80% of the performance depends on the application and on the data model.
20% depends on the hardware, oracle version, database parameters and on SQL tuning (execution plan, indexes etc.)
Application
Here's an example for a poor designed application: A page shows a list with columns. And for every row, a separate SQL-statement is sent to the database. Here, SQL tuning will not help. You have to change the application.
Data Model
The same with the data model. Normalization is good, but normally, you have to stop at a certain point. Otherwise, you'll get performance problems. For many years, I worked for an application with a good designed datamodel, but there was a general fault. To the designer, it seemed a good idea: Every table had columns like ID, SHORTNAME (German: Kürzel), TENANT (German: Mandant/"Mutter"), CREATED_DATE, CREATED_BY etc. He created a "central" table called SVENTITAET and put these columns into it. He added a column TABLE so that everyone knew where the rest of the data is.
If you search for search for a row with a certain shortname, you only have to search in SVENTITAET, you don't need to think about where the data is.

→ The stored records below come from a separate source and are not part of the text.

lemma Mz_backshifts_delta: "Mz (backshifts (delta m g)) = nonconst_part g"
proof
  fix \<alpha> :: "'a mindex"
  show "Mz (backshifts (delta m g)) \<alpha> = nonconst_part g \<alpha>"
  proof (cases "mabs \<alpha> = 0")
    case False
    have "Mz (backshifts (delta m g)) \<alpha>
        = complex_of_real (delta_weight \<alpha> * (real (mabs \<alpha>) / real (m + mabs \<alpha> - 1))) * g \<alpha>"
      unfolding delta_apply Mz_backshifts by (simp add: ac_simps)
    also have "\<dots> = g \<alpha>"
      by (subst delta_weight_inverse[OF False]) simp
    finally show ?thesis
      using False by (simp add: nonconst_part_def)
  qed (simp add: Mz_backshifts nonconst_part_def)
qed

lemma nonconst_part_Mz: "nonconst_part (Mz F) = Mz F"
  unfolding nonconst_part_def by (auto simp: Mz_eq_0_at_0)

lemma nonconst_part_Hhom: "g \<in> Hhom m d \<Longrightarrow> d \<noteq> 0 \<Longrightarrow> nonconst_part g = g"
  unfolding nonconst_part_def Hhom_def by auto

lemma P_ImMz_adj_eq:
  assumes G: "G \<in> Hn m"
  shows "P_ImMz_adj m G = backshifts (delta m (Mz G))"
  unfolding P_ImMz_adj_def
proof (rule orth_proj_eqI[OF G])
  let ?V = "Mz_adj m ` Hm m"
  have V: "?V \<subseteq> Hn m"
    by (auto simp: Mz_adj_eq backshifts_Hn)
  then show "hclosure (Hn m) (ipHn m) ?V \<subseteq> Hn m"
    unfolding hclosure_def by blast
  have g: "delta m (Mz G) \<in> Hm m"
    by (rule delta_Hm[OF Mz_Hm[OF G]])
  then have "backshifts (delta m (Mz G)) \<in> ?V"
    by (force simp: Mz_adj_eq)
  moreover have "?V \<subseteq> hclosure (Hn m) (ipHn m) ?V"
    by (rule subset_hclosure[OF V]) (simp add: ipHn_def ipH_def)
  ultimately show "backshifts (delta m (Mz G)) \<in> hclosure (Hn m) (ipHn m) ?V"
    by blast
  have GV: "G - backshifts (delta m (Mz G)) \<in> Hn m"
    using G g by (intro Hn_diff backshifts_Hn)
  have "Mz (G - backshifts (delta m (Mz G))) = 0"
    unfolding Mz_diff Mz_backshifts_delta nonconst_part_Mz by simp
  then have "ipHn m (G - backshifts (delta m (Mz G))) v = 0" if "v \<in> ?V" for v
    using that GV by (auto simp: Mz_adj_eq ipH_Mz[symmetric] ipH_def)
  then show "ipHn m (G - backshifts (delta m (Mz G))) v = 0"
    if "v \<in> hclosure (Hn m) (ipHn m) ?V" for v
    using ipHn_eq_0_on_hclosure[OF GV _ V that] by blast
qed

lemma backshift_Hhom:
  assumes "h \<in> Hhom m d"
  shows "backshift i h \<in> Hhom m (d - 1)"
proof -
  have "h (incr i \<beta>) = 0" if "mabs \<beta> \<noteq> d - 1" for \<beta>
    using assms that unfolding Hhom_def by (auto simp: mabs_incr)
  moreover have "backshift i h \<in> Hm m"
    using assms unfolding Hhom_def by (simp add: backshift_Hm)
  ultimately show ?thesis
    unfolding Hhom_def backshift_def by simp
qed

lemma Mz_backshifts_Hhom:
  assumes "h \<in> Hhom m d"
  shows "Mz (backshifts h) = (\<lambda>\<alpha>. complex_of_real (real d / real (m + d - 1)) * h \<alpha>)"
  using assms unfolding Hhom_def by (auto simp: fun_eq_iff Mz_backshifts)

lemma Mz_fmult_backshifts:
  assumes "h \<in> Hhom m d"
  shows "Mz (\<lambda>i \<alpha>. c * fmult a (backshift i h) \<alpha>)
       = (\<lambda>\<alpha>. c * complex_of_real (real d / real (m + d - 1)) * fmult a h \<alpha>)"
proof
  fix \<alpha> :: "'a mindex"
  have "Mz (\<lambda>i \<alpha>. c * fmult a (backshift i h) \<alpha>) \<alpha> = c * fmult a (Mz (backshifts h)) \<alpha>"
    unfolding Mz_apply Mzi_scale Mzi_fmult Mz_def fmult_sum sum_fun_apply backshifts_def
    by (simp add: sum_distrib_left)
  then show "Mz (\<lambda>i \<alpha>. c * fmult a (backshift i h) \<alpha>) \<alpha>
      = c * complex_of_real (real d / real (m + d - 1)) * fmult a h \<alpha>"
    unfolding Mz_backshifts_Hhom[OF assms] fmult_scale by simp
qed

end

section \<open>Operators satisfying the identity\<close>

definition alt_sigma_sum :: "nat \<Rightarrow> ('n::finite coeffs \<Rightarrow> 'n coeffs) \<Rightarrow> 'n coeffs \<Rightarrow> 'n coeffs" where
  "alt_sigma_sum m T = (\<lambda>f. \<Sum>j<m. (\<lambda>\<alpha>. complex_of_int ((-1) ^ j * int (m choose (j + 1)))
                                      * (sigma m ^^ j) T f \<alpha>))"

locale Hm_ball_operator = Hm_ball +
  fixes r :: nat and T :: "'n::finite coeffs \<Rightarrow> 'n coeffs"
  assumes bounded: "bounded_op m T"
    and homogeneous: "\<And>j f. f \<in> Hhom m j \<Longrightarrow> T f \<in> Hhom m (j + r)"
    and identity: "\<And>F. F \<in> Hn m \<Longrightarrow>
      Mz'_adj m (T (Mz' m F)) = P_ImMz_adj m (oplus_op (alt_sigma_sum m T) (P_ImMz_adj m F))"
begin

lemma T_Hm: "f \<in> Hm m \<Longrightarrow> T f \<in> Hm m"
  using bounded unfolding bounded_op_def by blast

lemma T_add: "f \<in> Hm m \<Longrightarrow> g \<in> Hm m \<Longrightarrow> T (f + g) = T f + T g"
  using bounded unfolding bounded_op_def by blast

lemma T_scale: "f \<in> Hm m \<Longrightarrow> T (\<lambda>\<alpha>. c * f \<alpha>) = (\<lambda>\<alpha>. c * T f \<alpha>)"
  using bounded unfolding bounded_op_def by blast

lemma T_zero: "T 0 = 0"
  using T_scale[OF zero_in_Hm, of 0] by (simp add: zero_fun_def)

lemma T_sum: "(\<And>i. i \<in> I \<Longrightarrow> F i \<in> Hm m) \<Longrightarrow> T (\<Sum>i\<in>I. F i) = (\<Sum>i\<in>I. T (F i))"
proof (induction I rule: infinite_finite_induct)
  case (insert x I)
  then have "T (F x + (\<Sum>i\<in>I. F i)) = T (F x) + T (\<Sum>i\<in>I. F i)"
    by (intro T_add) (auto intro: Hm_sum)
  then show ?case
    using insert by (simp only: sum.insert[OF insert(1,2)]) simp
qed (simp_all add: T_zero)

lemma T_diff: "f \<in> Hm m \<Longrightarrow> g \<in> Hm m \<Longrightarrow> T (f - g) = T f - T g"
  using T_add[of "f - g" g] by (simp add: Hm_diff)

lemma T_sqnormH_le:
  obtains C where "C \<ge> 0" "\<And>u. u \<in> Hm m \<Longrightarrow> sqnormH m (T u) \<le> C * sqnormH m u"
proof -
  obtain C where C: "\<And>u. u \<in> Hm m \<Longrightarrow> normH m (T u) \<le> C * normH m u"
    using bounded unfolding bounded_op_def by blast
  have normH: "normH m u = sqrt (sqnormH m u)" for u
    unfolding normH_def sqnormH_def ..
  have "sqnormH m (T u) \<le> C\<^sup>2 * sqnormH m u" if u: "u \<in> Hm m" for u
  proof -
    have "sqrt (sqnormH m (T u)) \<le> C * sqrt (sqnormH m u)"
      using C[OF u] unfolding normH .
    then have "(sqrt (sqnormH m (T u)))\<^sup>2 \<le> (C * sqrt (sqnormH m u))\<^sup>2"
      using sqnormH_nonneg[of m "T u"] by (intro power_mono) auto
    then show ?thesis
      using sqnormH_nonneg[of m "T u"] sqnormH_nonneg[of m u] by (simp add: power_mult_distrib)
  qed
  then show ?thesis
    using that[of "C\<^sup>2"] by simp
qed

lemma sigma_apply: "f \<in> Hm m \<Longrightarrow> sigma m X f = Mz (\<lambda>i. X (backshift i f))"
  unfolding sigma_def Mzi_adj_eq Mz_def by simp

lemma sigma_pow_Hm: "f \<in> Hm m \<Longrightarrow> (sigma m ^^ j) T f \<in> Hm m"
proof (induction j arbitrary: f)
  case (Suc j)
  then show ?case
    by (auto simp: sigma_apply mem_Hn_iff intro!: Mz_Hm Suc.IH backshift_Hm)
qed (simp add: T_Hm)

lemma alt_sigma_sum_Hm: "f \<in> Hm m \<Longrightarrow> alt_sigma_sum m T f \<in> Hm m"
  unfolding alt_sigma_sum_def by (auto intro!: Hm_sum Hm_scale sigma_pow_Hm)

lemma T_eq_Mz_alt_sigma_sum:
  assumes g: "g \<in> Hhom m (Suc k)"
  shows "T g = Mz (\<lambda>i. alt_sigma_sum m T (backshift i g))"
proof -
  let ?G = "\<lambda>i. alt_sigma_sum m T (backshift i g)"
  have gH: "g \<in> Hm m"
    using g unfolding Hhom_def by simp
  have g0: "nonconst_part g = g"
    using nonconst_part_Hhom[OF g] by simp
  have F: "backshifts g \<in> Hn m"
    by (rule backshifts_Hn[OF gH])
  have G: "?G \<in> Hn m"
    unfolding mem_Hn_iff using gH by (auto intro: alt_sigma_sum_Hm backshift_Hm)
  have "backshifts (delta m (T g)) = Mz'_adj m (T g)"
    unfolding Mz'_adj_eq using T_Hm[OF gH] by simp
  also have "\<dots> = P_ImMz_adj m (oplus_op (alt_sigma_sum m T) (backshifts g))"
    using identity[OF F] unfolding Mz'_def P_ImMz_adj_eq[OF F] delta_Mz_backshifts g0 .
  also have "\<dots> = backshifts (delta m (Mz ?G))"
    unfolding oplus_op_def backshifts_def P_ImMz_adj_eq[OF G] ..
  finally have "nonconst_part (T g) = nonconst_part (Mz ?G)"
    by (metis Mz_backshifts_delta)
  moreover have "nonconst_part (T g) = T g"
    using homogeneous[OF g] by (rule nonconst_part_Hhom) simp
  ultimately show ?thesis
    by (simp add: nonconst_part_Mz)
qed

lemma one_fun_Hhom: "(one_fun :: 'n coeffs) \<in> Hhom m 0"
proof -
  have "(one_fun :: 'n coeffs) \<in> Hm m"
    using monomial_Hm[of "\<lambda>_. 0" m] unfolding one_fun_def monomial_def .
  then show ?thesis
    unfolding Hhom_def by (auto simp: one_fun_def mabs_eq_0_iff)
qed

lemma T_one_fun_Hhom: "T one_fun \<in> Hhom m r"
  using homogeneous[OF one_fun_Hhom] by simp

lemma T_Hhom_0:
  assumes "h \<in> Hhom m 0"
  shows "T h = fmult (T one_fun) h"
proof -
  define c where "c = h (\<lambda>_. 0)"
  have h: "h = (\<lambda>\<alpha>. c * one_fun \<alpha>)"
  proof
    fix \<alpha> :: "'n mindex"
    show "h \<alpha> = c * one_fun \<alpha>"
      using assms unfolding Hhom_def one_fun_def c_def
      by (cases "\<alpha> = (\<lambda>_. 0)") (auto simp: mabs_eq_0_iff)
  qed
  have "(one_fun :: 'n coeffs) \<in> Hm m"
    using one_fun_Hhom unfolding Hhom_def by simp
  then show ?thesis
    unfolding h by (simp add: T_scale fmult_scale fmult_one_fun)
qed

lemma sigma_pow_multiplier:
  assumes mult: "\<And>d h. d \<le> k \<Longrightarrow> h \<in> Hhom m d \<Longrightarrow> T h = fmult (T one_fun) h"
  shows "h \<in> Hhom m d \<Longrightarrow> d \<le> k + j
    \<Longrightarrow> (sigma m ^^ j) T h = (\<lambda>\<alpha>. complex_of_real (sigma_weight m j d) * fmult (T one_fun) h \<alpha>)"
proof (induction j arbitrary: d h)
  case 0
  then show ?case
    using mult by simp
next
  case (Suc j)
  have "(sigma m ^^ Suc j) T h = Mz (\<lambda>i. (sigma m ^^ j) T (backshift i h))"
    using Suc.prems(1) unfolding Hhom_def by (simp add: sigma_apply)
  also have "\<dots> = Mz (\<lambda>i \<alpha>. complex_of_real (sigma_weight m j (d - 1)) * fmult (T one_fun) (backshift i h) \<alpha>)"
  proof -
    have "(sigma m ^^ j) T (backshift i h)
        = (\<lambda>\<alpha>. complex_of_real (sigma_weight m j (d - 1)) * fmult (T one_fun) (backshift i h) \<alpha>)" for i
      using Suc.prems by (intro Suc.IH backshift_Hhom) auto
    then show ?thesis
      by simp
  qed
  also have "\<dots> = (\<lambda>\<alpha>. complex_of_real (sigma_weight m (Suc j) d) * fmult (T one_fun) h \<alpha>)"
    unfolding Mz_fmult_backshifts[OF Suc.prems(1)] by simp
  finally show ?case .
qed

But: For nearly all queries, you'll need data from this table. So you have to join every table with this table. This makes your SQL complex and slow. Also for every DML (=data manipulation language) operation, you have to do something with SVENTITAET. SVENTITAET definitely was a hot spot in the database.
So don't overnormalize your data model. Put these columns into every table, not into one table. And if you want to search for a shortname without thinking about which table, then generate a view or if it is to slow, a materialized view.